Javier Arau (September 30, 1975) is an American composer, saxophonist, conductor, theorist, author, and entrepreneur. He is the founder and executive director of New York Jazz Academy, leads the Javier Arau Jazz Orchestra, and is the author of several works on music theory and improvisation. He is a four-time Downbeat Award winner.

==Biography==
Javier Arau was born in Santa Monica, California and raised in Sacramento, California. He received scholarships to attend Lawrence University in 1993 and New England Conservatory in 1998.

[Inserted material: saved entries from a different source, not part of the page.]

(* face_list enumerates the faces in an order chosen by SOME; this similarity makes
   characteristic polynomials independent of that order. *)
lemma list_mat_reindex_similar:
  fixes f :: "'b \<Rightarrow> 'b \<Rightarrow> 'a::comm_ring_1"
  assumes xs: "distinct xs" and ys: "distinct ys" and set_eq: "set xs = set ys"
  shows "similar_mat (list_mat xs xs f) (list_mat ys ys f)"
proof -
  let ?P = "list_mat xs ys (\<lambda>x y. of_bool (x = y) :: 'a)"
  let ?Q = "list_mat ys xs (\<lambda>x y. of_bool (x = y) :: 'a)"
  have len: "length ys = length xs"
    using distinct_card[OF xs] distinct_card[OF ys] set_eq by simp
  have "?P * ?Q = list_mat xs xs (\<lambda>x y. of_bool (x = y))"
    unfolding list_mat_mult[OF ys] using set_eq by (intro list_mat_cong) (simp add: sum_of_bool_eq_delta)
  also have "\<dots> = 1\<^sub>m (length xs)" by (rule list_mat_delta[OF xs])
  finally have PQ: "?P * ?Q = 1\<^sub>m (length xs)" .
  have "?Q * ?P = list_mat ys ys (\<lambda>x y. of_bool (x = y))"
    unfolding list_mat_mult[OF xs] using set_eq by (intro list_mat_cong) (simp add: sum_of_bool_eq_delta)
  also have "\<dots> = 1\<^sub>m (length xs)" using list_mat_delta[OF ys] len by simp
  finally have QP: "?Q * ?P = 1\<^sub>m (length xs)" .
  have "?P * list_mat ys ys f * ?Q = list_mat xs xs f"
    unfolding list_mat_mult[OF ys] list_mat_mult[OF xs] using set_eq
    by (intro list_mat_cong) (simp add: sum_of_bool_eq_delta)
  then show ?thesis
    unfolding similar_mat_def similar_mat_wit_def using PQ QP len
    by (intro exI[of _ ?P] exI[of _ ?Q]) (auto simp: Let_def)
qed

lemma list_mat_append_block_diag:
  assumes "\<And>x y. x \<in> set xs \<Longrightarrow> y \<in> set ys \<Longrightarrow> f x y = 0 \<and> f y x = 0"
  shows "list_mat (xs @ ys) (xs @ ys) f =
    four_block_mat (list_mat xs xs f) (0\<^sub>m (length xs) (length ys)) (0\<^sub>m (length ys) (length xs)) (list_mat ys ys f)"
  using assms by (intro eq_matI) (auto simp: nth_append)

lemma finite_faces: "finite K \<Longrightarrow> finite (faces j K)"
  unfolding faces_def by simp

lemma face_nonempty: "F \<in> faces j K \<Longrightarrow> F \<noteq> {}"
  unfolding faces_def by auto

lemma faces_subset: "faces j K \<subseteq> K"
  unfolding faces_def by auto

lemma face_list:
  assumes "finite K"
  shows distinct_face_list: "distinct (face_list j K)" and set_face_list: "set (face_list j K) = faces j K"
proof -
  have "\<exists>xs. distinct xs \<and> set xs = faces j K"
    using finite_distinct_list[OF finite_faces[OF assms]] by metis
  from someI_ex[OF this] show "distinct (face_list j K)" "set (face_list j K) = faces j K"
    unfolding face_list_def by auto
qed

lemma length_face_list: "finite K \<Longrightarrow> length (face_list j K) = card (faces j K)"
  using distinct_face_list set_face_list distinct_card by metis

lemma face_list_nth: "finite K \<Longrightarrow> i < card (faces j K) \<Longrightarrow> face_list j K ! i \<in> faces j K"
  using set_face_list length_face_list nth_mem by metis

lemma cob_mat_eq_list_mat:
  "cob_mat K j = list_mat (face_list (j + 1) K) (face_list j K) (\<lambda>Fb G. cob K j (ind_face G) Fb)"
  unfolding cob_mat_def list_mat_def Let_def ..

lemma up_lap_mat_eq_list_mat:
  "up_lap_mat K w n = list_mat (face_list n K) (face_list n K) (\<lambda>F G. up_lap K w n (ind_face G) F)"
  unfolding up_lap_mat_def list_mat_def Let_def ..

lemma cob_mat_carrier:
  assumes "finite K"
  shows "cob_mat K j \<in> carrier_mat (card (faces (j + 1) K)) (card (faces j K))"
  unfolding cob_mat_eq_list_mat carrier_mat_def by (simp add: length_face_list[OF assms])

definition incidence :: "'a::linorder set \<Rightarrow> 'a set \<Rightarrow> real" where
  "incidence F G = (if F \<subseteq> G then sgn_face F G else 0)"

lemma sgn_face_square [simp]: "sgn_face F G * sgn_face F G = 1"
  unfolding sgn_face_def by (simp flip: power_add)

lemma incidence_square: "incidence F G * incidence F G = of_bool (F \<subseteq> G)"
  unfolding incidence_def by simp

lemma incidence_mult:
  "incidence G T * incidence G' T = (if G \<union> G' \<subseteq> T then sgn_face G T * sgn_face G' T else 0)"
  "incidence t G * incidence t G' = (if t \<subseteq> G \<inter> G' then sgn_face t G * sgn_face t G' else 0)"
  unfolding incidence_def by auto

lemma cob_ind_face:
  assumes "finite K"
  shows "cob K j (ind_face G) Fb = (if G \<in> faces j K then incidence G Fb else 0)"
proof -
  have "cob K j (ind_face G) Fb = (\<Sum>G'\<in>{G' \<in> faces j K. G' \<subseteq> Fb}. if G' = G then sgn_face G' Fb else 0)"
    unfolding cob_def ind_face_def by (intro sum.cong) auto
  then show ?thesis using finite_faces[OF assms, of j] by (simp add: sum.delta' incidence_def)
qed
(* Suppose an sAEDS has $M_s:=N/N_s$ an integer for every $s\in\mathcal S$, satisfies $|\mathcal F^+_x|=M_s$ for every $x\in\mathcal X_s$ and every $s$, and, for a stationary distribution $Q$ of its state chain, uses for each $x\in\mathcal X_s$ a phased-in code on $\mathcal F^+_x$ with $M_s$ codewords matched to $Q$ restricted to $\mathcal F^+_x$ (i.e. $\hat x\mapsto E_{\hat x}(s)$ on $\mathcal F^+_x$ is this code). Then its average code length satisfies $$L\le H(p)+D(p\|q)+\sigma,\qquad \sigma=\lg\lg e+1-\lg e\approx0.08607.$$
   Context: Let $\mathcal S$ be a finite alphabet with $|\mathcal S|\ge 2$ and $p=\{p(s)\}$ a probability distribution with $p(s)>0$ for all $s$ (i.i.d. source). $\mathcal B=\{0,1\}^*$ (including the empty word), $l(\beta)$ the word length, $\lg=\log_2$. An AEDS with finite state set $\mathcal X$, $|\mathcal X|=N$, consists of maps $E_{\hat x}:\mathcal S\to\mathcal B$ and $F^-_{\hat x}:\mathcal S\to\mathcal X$ ($\hat x\in\mathcal X$) such that for every $x\in\mathcal X$ the words $E_{\hat x}(s)$ over all pairs $(\hat x,s)$ with $F^-_{\hat x}(s)=x$ are pairwise distinct and form a prefix-free set. The state chain is the Markov chain on $\mathcal X$ moving from $\hat x$ to $F^-_{\hat x}(s)$ with probability $p(s)$; for a stationary distribution $Q$ the average code length is $L=\sum_{\hat x}\sum_s p(s)Q(\hat x)l(E_{\hat x}(s))$. A state-divided AEDS (sAEDS) is an AEDS for which the sets $\mathcal X_s=\{F^-_{\hat x}(s):\hat x\in\mathcal X\}$ are pairwise disjoint with union $\mathcal X$; $N_s=|\mathcal X_s|$, $q(s)=N_s/N$. For $x\in\mathcal X_s$, $\mathcal F^+_x=\{\hat x: F^-_{\hat x}(s)=x\}$; for each $s$ these sets partition $\mathcal X$. An sAEDS is thus specified by the partitions and, for each $x\in\mathcal X_s$, an injective prefix-free code $\hat x\mapsto E_{\hat x}(s)$ on $\mathcal F^+_x$; the state chain (hence $Q$) depends only on $p$ and the partitions. Phased-in code: for an integer $M\ge1$ and $k=\lceil\lg M\rceil$, a prefix-free code on an $M$-element set with $2^k-M$ codewords of length $k-1$ and $2M-2^k$ codewords of length $k$ (for $M=1$, the single empty word). It is matched to a distribution on that set if the length-$(k-1)$ codewords go to $2^k-M$ elements of largest probability. $H(p)=-\sum_s p(s)\lg p(s)$, $D(p\|q)=\sum_s p(s)\lg(p(s)/q(s))$. *)

theory Defs
  imports Complex_Main "HOL-Library.Sublist"
begin

text \<open>States: finite type 'x (N = CARD('x)); alphabet: finite type 's.
  E xh s : codeword E_{xh}(s); F xh s : next state F^-_{xh}(s).\<close>

definition AEDS :: "('x::finite \<Rightarrow> 's::finite \<Rightarrow> bool list) \<Rightarrow> ('x \<Rightarrow> 's \<Rightarrow> 'x) \<Rightarrow> bool" where
  "AEDS E F \<longleftrightarrow> (\<forall>x. \<forall>a s b t. F a s = x \<and> F b t = x \<and> (a, s) \<noteq> (b, t)
       \<longrightarrow> \<not> prefix (E a s) (E b t))"

definition Xs :: "('x::finite \<Rightarrow> 's \<Rightarrow> 'x) \<Rightarrow> 's \<Rightarrow> 'x set" where
  "Xs F s = {F xh s | xh. True}"

definition sAEDS :: "('x::finite \<Rightarrow> 's::finite \<Rightarrow> bool list) \<Rightarrow> ('x \<Rightarrow> 's \<Rightarrow> 'x) \<Rightarrow> bool" where
  "sAEDS E F \<longleftrightarrow> AEDS E F \<and> (\<forall>s t. s \<noteq> t \<longrightarrow> Xs F s \<inter> Xs F t = {})
       \<and> (\<Union>s. Xs F s) = UNIV"

definition Fplus :: "('x \<Rightarrow> 's \<Rightarrow> 'x) \<Rightarrow> 's \<Rightarrow> 'x \<Rightarrow> 'x set" where
  "Fplus F s x = {xh. F xh s = x}"

definition Ns :: "('x::finite \<Rightarrow> 's \<Rightarrow> 'x) \<Rightarrow> 's \<Rightarrow> nat" where
  "Ns F s = card (Xs F s)"

definition qdist :: "('x::finite \<Rightarrow> 's \<Rightarrow> 'x) \<Rightarrow> 's \<Rightarrow> real" where
  "qdist F s = real (Ns F s) / real (card (UNIV :: 'x set))"

definition stationary :: "('s::finite \<Rightarrow> real) \<Rightarrow> ('x::finite \<Rightarrow> 's \<Rightarrow> 'x) \<Rightarrow> ('x \<Rightarrow> real) \<Rightarrow> bool" where
  "stationary p F Q \<longleftrightarrow> (\<forall>x. Q x \<ge> 0) \<and> (\<Sum>x\<in>UNIV. Q x) = 1
     \<and> (\<forall>x. Q x = (\<Sum>xh\<in>UNIV. \<Sum>s\<in>{s. F xh s = x}. Q xh * p s))"

definition avg_len :: "('s::finite \<Rightarrow> real) \<Rightarrow> ('x::finite \<Rightarrow> real) \<Rightarrow> ('x \<Rightarrow> 's \<Rightarrow> bool list) \<Rightarrow> real" where
  "avg_len p Q E = (\<Sum>xh\<in>UNIV. \<Sum>s\<in>UNIV. p s * Q xh * real (length (E xh s)))"

text \<open>Lengths k-1 are encoded
  as "length + 1 = k" to avoid natural-number truncation (M = 1 gives k = 0).\<close>
definition phased_in_code :: "('a \<Rightarrow> bool list) \<Rightarrow> 'a set \<Rightarrow> nat \<Rightarrow> bool" where
  "phased_in_code C A M \<longleftrightarrow> M \<ge> 1 \<and> finite A \<and> card A = M \<and> inj_on C A
     \<and> (\<forall>a\<in>A. \<forall>b\<in>A. a \<noteq> b \<longrightarrow> \<not> prefix (C a) (C b))
     \<and> (let k = nat \<lceil>log 2 (real M)\<rceil> in
          (\<forall>a\<in>A. length (C a) = k \<or> length (C a) + 1 = k)
          \<and> card {a\<in>A. length (C a) + 1 = k} = 2 ^ k - M
          \<and> card {a\<in>A. length (C a) = k} = 2 * M - 2 ^ k)"

definition matched_phased_in_code :: "('a \<Rightarrow> bool list) \<Rightarrow> 'a set \<Rightarrow> nat \<Rightarrow> ('a \<Rightarrow> real) \<Rightarrow> bool" where
  "matched_phased_in_code C A M P \<longleftrightarrow> phased_in_code C A M
     \<and> (\<forall>a\<in>A. \<forall>b\<in>A. length (C a) < length (C b) \<longrightarrow> P a \<ge> P b)"

definition entropy :: "('s::finite \<Rightarrow> real) \<Rightarrow> real" where
  "entropy p = - (\<Sum>s\<in>UNIV. p s * log 2 (p s))"

definition KL_div :: "('s::finite \<Rightarrow> real) \<Rightarrow> ('s \<Rightarrow> real) \<Rightarrow> real" where
  "KL_div p q = (\<Sum>s\<in>UNIV. p s * log 2 (p s / q s))"

end

theory Submission
  imports Defs
begin

text \<open>Group the states by their successor under symbol s: on each fibre E(-, s) is a
  matched phased-in code with M_s = 1/q(s) codewords. If a fraction w of the weight of a
  fibre sits on its 2^k - M short codewords, the expected length there is k - w, and
  matching gives w \<ge> (2^k - M)/M. Hence the excess over lg M is at most lg y + 1 - y with
  y = 2^k/M, whose maximum over y > 0 is \<sigma> (attained at y = lg e). Averaging over the
  symbols turns lg M_s = -lg q(s) into H(p) + D(p||q).\<close>

definition phased_in_redundancy :: real where
  "phased_in_redundancy = log 2 (log 2 (exp 1)) + 1 - log 2 (exp 1)"

lemma log2_minus_self_le:
  fixes y :: real
  assumes "y > 0"
  shows "log 2 y - y \<le> log 2 (log 2 (exp 1)) - log 2 (exp 1)"
proof -
  define c where "c = ln (2::real)"
  have c: "c > 0" unfolding c_def by simp
  have "ln y + ln c \<le> c * y - 1"
    using ln_le_minus_one[of "c * y"] c assms by (simp add: ln_mult)
  then have "(ln y + ln c) / c \<le> (c * y - 1) / c"
    using c by (simp add: divide_right_mono)
  then have "ln y / c - y \<le> - ln c / c - 1 / c"
    using c by (simp add: field_simps)
  moreover have "log 2 (exp 1) = 1 / c" "log 2 (1 / c) = - ln c / c" "log 2 y = ln y / c"
    unfolding c_def log_def by (simp_all add: ln_div)
  ultimately show ?thesis by simp
qed

lemma card_mult_sum_le_card_mult_sum_heavy:
  fixes P :: "'a \<Rightarrow> real"
  assumes "finite A" and "S \<subseteq> A"
    and heavy: "\<And>a b. a \<in> S \<Longrightarrow> b \<in> A - S \<Longrightarrow> P b \<le> P a"
  shows "real (card S) * sum P A \<le> real (card A) * sum P S"
proof -
  define T where "T = A - S"
  have fin: "finite S" "finite T" and disj: "S \<inter> T = {}" and A: "A = S \<union> T"
    using assms(1,2) finite_subset unfolding T_def by auto
  have "0 \<le> (\<Sum>a\<in>S. \<Sum>b\<in>T. P a - P b)"
    using heavy unfolding T_def by (intro sum_nonneg) auto
  also have "\<dots> = real (card T) * sum P S - real (card S) * sum P T"
    by (simp add: sum_subtractf sum_distrib_left sum_distrib_right mult.commute)
  finally have "real (card S) * sum P T \<le> real (card T) * sum P S" by simp
  moreover have "sum P A = sum P S + sum P T" "card A = card S + card T"
    using A sum.union_disjoint[OF fin disj] card_Un_disjoint[OF fin disj] by simp_all
  ultimately show ?thesis by (simp add: algebra_simps)
qed

lemma matched_phased_in_code_weighted_length_le:
  fixes P :: "'a \<Rightarrow> real"
  assumes code: "matched_phased_in_code C A M P" and nonneg: "\<And>a. a \<in> A \<Longrightarrow> 0 \<le> P a"
  shows "(\<Sum>a\<in>A. P a * real (length (C a)))
           \<le> sum P A * (log 2 (real M) + phased_in_redundancy)"
proof -
  define k where "k = nat \<lceil>log 2 (real M)\<rceil>"
  define S where "S = {a\<in>A. length (C a) + 1 = k}"
  have M: "M \<ge> 1" and fin: "finite A" and card_A: "card A = M"
    and len: "\<And>a. a \<in> A \<Longrightarrow> length (C a) = k \<or> length (C a) + 1 = k"
    and card_S: "card S = 2 ^ k - M"
    and matched: "\<And>a b. a \<in> A \<Longrightarrow> b \<in> A \<Longrightarrow> length (C a) < length (C b) \<Longrightarrow> P b \<le> P a"
    using code unfolding matched_phased_in_code_def phased_in_code_def Let_def k_def S_def
    by auto
  have "real M = 2 powr log 2 (real M)" using M by simp
  also have "\<dots> \<le> 2 powr real k" unfolding k_def by (simp; linarith)
  finally have "M \<le> 2 ^ k"
    by (metis of_nat_le_iff of_nat_numeral of_nat_power powr_realpow zero_less_numeral)
  then have card_S_real: "real (card S) = 2 ^ k - real M"
    using card_S by (simp add: of_nat_diff)
  have "real (card S) * sum P A \<le> real M * sum P S"
    using card_mult_sum_le_card_mult_sum_heavy[of A S P] fin card_A len matched
    unfolding S_def by fastforce
  then have short_share: "(2 ^ k / real M - 1) * sum P A \<le> sum P S"
    using M card_S_real by (simp add: field_simps)
  have "(\<Sum>a\<in>A. P a * real (length (C a)))
          = (\<Sum>a\<in>A. P a * real k - (if length (C a) + 1 = k then P a else 0))"
    using len by (intro sum.cong) (auto simp: algebra_simps)
  also have "\<dots> = sum P A * real k - sum P S"
    unfolding S_def by (simp add: sum_subtractf sum.inter_filter[OF fin] sum_distrib_right)
  also have "\<dots> \<le> sum P A * (real k + 1 - 2 ^ k / real M)"
    using short_share by (simp add: algebra_simps)
  also have "\<dots> \<le> sum P A * (log 2 (real M) + phased_in_redundancy)"
  proof (rule mult_left_mono)
    have "log 2 (2 ^ k / real M) = real k - log 2 (real M)"
      using M by (simp add: log_divide log_nat_power)
    then show "real k + 1 - 2 ^ k / real M \<le> log 2 (real M) + phased_in_redundancy"
      using log2_minus_self_le[of "2 ^ k / real M"] M unfolding phased_in_redundancy_def by simp
    show "0 \<le> sum P A" using nonneg by (simp add: sum_nonneg)
  qed
  finally show ?thesis .
qed

lemma matched_phased_in_code_on_fibres_weighted_length_le:
  fixes f :: "'a::finite \<Rightarrow> 'b" and P :: "'a \<Rightarrow> real"
  assumes nonneg: "\<And>a. 0 \<le> P a" and total: "(\<Sum>a\<in>UNIV. P a) = 1"
    and code: "\<And>y. y \<in> range f \<Longrightarrow> matched_phased_in_code C (f -` {y}) M P"
  shows "(\<Sum>a\<in>UNIV. P a * real (length (C a))) \<le> log 2 (real M) + phased_in_redundancy"
proof -
  have "(\<Sum>a\<in>UNIV. P a * real (length (C a)))
          = (\<Sum>y\<in>range f. \<Sum>a\<in>f -` {y}. P a * real (length (C a)))"
    using sum.group[of UNIV "range f" f "\<lambda>a. P a * real (length (C a))"] by (simp add: vimage_def)
  also have "\<dots> \<le> (\<Sum>y\<in>range f. sum P (f -` {y}) * (log 2 (real M) + phased_in_redundancy))"
    using matched_phased_in_code_weighted_length_le[OF code] nonneg by (simp add: sum_mono)
  also have "\<dots> = log 2 (real M) + phased_in_redundancy"
    using sum.group[of UNIV "range f" f P] total by (simp add: vimage_def sum_distrib_right[symmetric])
  finally show ?thesis .
qed

lemma entropy_add_KL_div:
  assumes "\<And>s. p s > 0" and "\<And>s. q s > 0"
  shows "entropy p + KL_div p q = (\<Sum>s\<in>UNIV. p s * log 2 (1 / q s))"
proof -
  have "p s * log 2 (1 / q s) = p s * log 2 (p s / q s) - p s * log 2 (p s)" for s
    using assms[of s] by (simp add: log_divide algebra_simps)
  then show ?thesis
    unfolding entropy_def KL_div_def by (simp add: sum_subtractf)
qed

lemma Ns_pos: "Ns F s > 0"
  unfolding Ns_def Xs_def by (auto simp: card_gt_0_iff)

lemma qdist_pos: "qdist (F :: 'x::finite \<Rightarrow> 's \<Rightarrow> 'x) s > 0"
  unfolding qdist_def using Ns_pos[of F s] by (simp add: finite_UNIV_card_ge_0)

lemma qdist_eq_inverse:
  fixes F :: "'x::finite \<Rightarrow> 's \<Rightarrow> 'x"
  assumes "Ns F s dvd card (UNIV :: 'x set)"
  shows "qdist F s = 1 / real (card (UNIV :: 'x set) div Ns F s)"
  using assms Ns_pos[of F s] unfolding qdist_def by (auto simp: of_nat_div elim!: dvdE)

lemma Xs_eq_range: "Xs F s = range (\<lambda>xh. F xh s)"
  unfolding Xs_def by auto

lemma Fplus_eq_vimage: "Fplus F s x = (\<lambda>xh. F xh s) -` {x}"
  unfolding Fplus_def by auto

lemma avg_len_eq_sum_symbols:
  "avg_len p Q E = (\<Sum>s\<in>UNIV. p s * (\<Sum>xh\<in>UNIV. Q xh * real (length (E xh s))))"
  unfolding avg_len_def by (subst sum.swap) (simp add: sum_distrib_left mult.assoc)

theorem theorem4:
  fixes p :: "'s::finite \<Rightarrow> real"
    and E :: "'x::finite \<Rightarrow> 's \<Rightarrow> bool list"
    and F :: "'x \<Rightarrow> 's \<Rightarrow> 'x"
    and Q :: "'x \<Rightarrow> real"
  assumes "card (UNIV :: 's set) \<ge> 2"
    and "\<And>s. p s > 0"
    and "(\<Sum>s\<in>UNIV. p s) = 1"
    and "sAEDS E F"
    and "\<And>s. Ns F s dvd card (UNIV :: 'x set)"
    and "\<And>s x. x \<in> Xs F s \<Longrightarrow> card (Fplus F s x) = card (UNIV :: 'x set) div Ns F s"
    and "stationary p F Q"
    and "\<And>s x. x \<in> Xs F s \<Longrightarrow>
           matched_phased_in_code (\<lambda>xh. E xh s) (Fplus F s x) (card (UNIV :: 'x set) div Ns F s) Q"
  shows "avg_len p Q E \<le> entropy p + KL_div p (qdist F)
           + (log 2 (log 2 (exp 1)) + 1 - log 2 (exp 1))"
proof -
  have Q: "\<And>x. 0 \<le> Q x" "(\<Sum>x\<in>UNIV. Q x) = 1"
    using assms(7) unfolding stationary_def by blast+
  have per_symbol: "(\<Sum>xh\<in>UNIV. Q xh * real (length (E xh s)))
      \<le> log 2 (1 / qdist F s) + phased_in_redundancy" for s
    using matched_phased_in_code_on_fibres_weighted_length_le[OF Q, of "\<lambda>xh. F xh s"] assms(8)
    unfolding qdist_eq_inverse[OF assms(5)] Xs_eq_range Fplus_eq_vimage by simp
  have "avg_len p Q E \<le> (\<Sum>s\<in>UNIV. p s * (log 2 (1 / qdist F s) + phased_in_redundancy))"
    unfolding avg_len_eq_sum_symbols
    using assms(2) per_symbol by (intro sum_mono mult_left_mono) (auto intro: less_imp_le)
  also have "\<dots> = (\<Sum>s\<in>UNIV. p s * log 2 (1 / qdist F s)) + phased_in_redundancy"
    using assms(3) by (simp add: distrib_left sum.distrib sum_distrib_right[symmetric])
  also have "(\<Sum>s\<in>UNIV. p s * log 2 (1 / qdist F s)) = entropy p + KL_div p (qdist F)"
    using assms(2) qdist_pos by (intro entropy_add_KL_div[symmetric])
  finally show ?thesis unfolding phased_in_redundancy_def .
qed

end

He received an Outstanding Performance Award in 1994, Extended Jazz Composition awards in 1996 and 2000, and a Jazz Arranging award in 2000 from DownBeat Magazine. He also was the first-ever recipient of the ASCAP Young Jazz Composers Award, in 2002.

He has been featured in the New York Times, DownBeat Magazine, on NBC TV's Today in New York, and was the featured cover artist on the Saxophone Journal in August 2009. All About Jazz hailed, "Arau's 'Paper Train' is a marvelous bit of modern composition. Arau's 'Missouri Blues' toys with the edges of funk and fusion, and he puts grit into his tone to match. ...Good music based on strong roots.". Saxophone Journal noted, "Those who we remember best--Bach, Telemann, Vivaldi, Haydn and Mozart--did it all. Today there are very few who do it all, and an incredibly small proportion of them do it all extremely well. One who does is Javier Arau."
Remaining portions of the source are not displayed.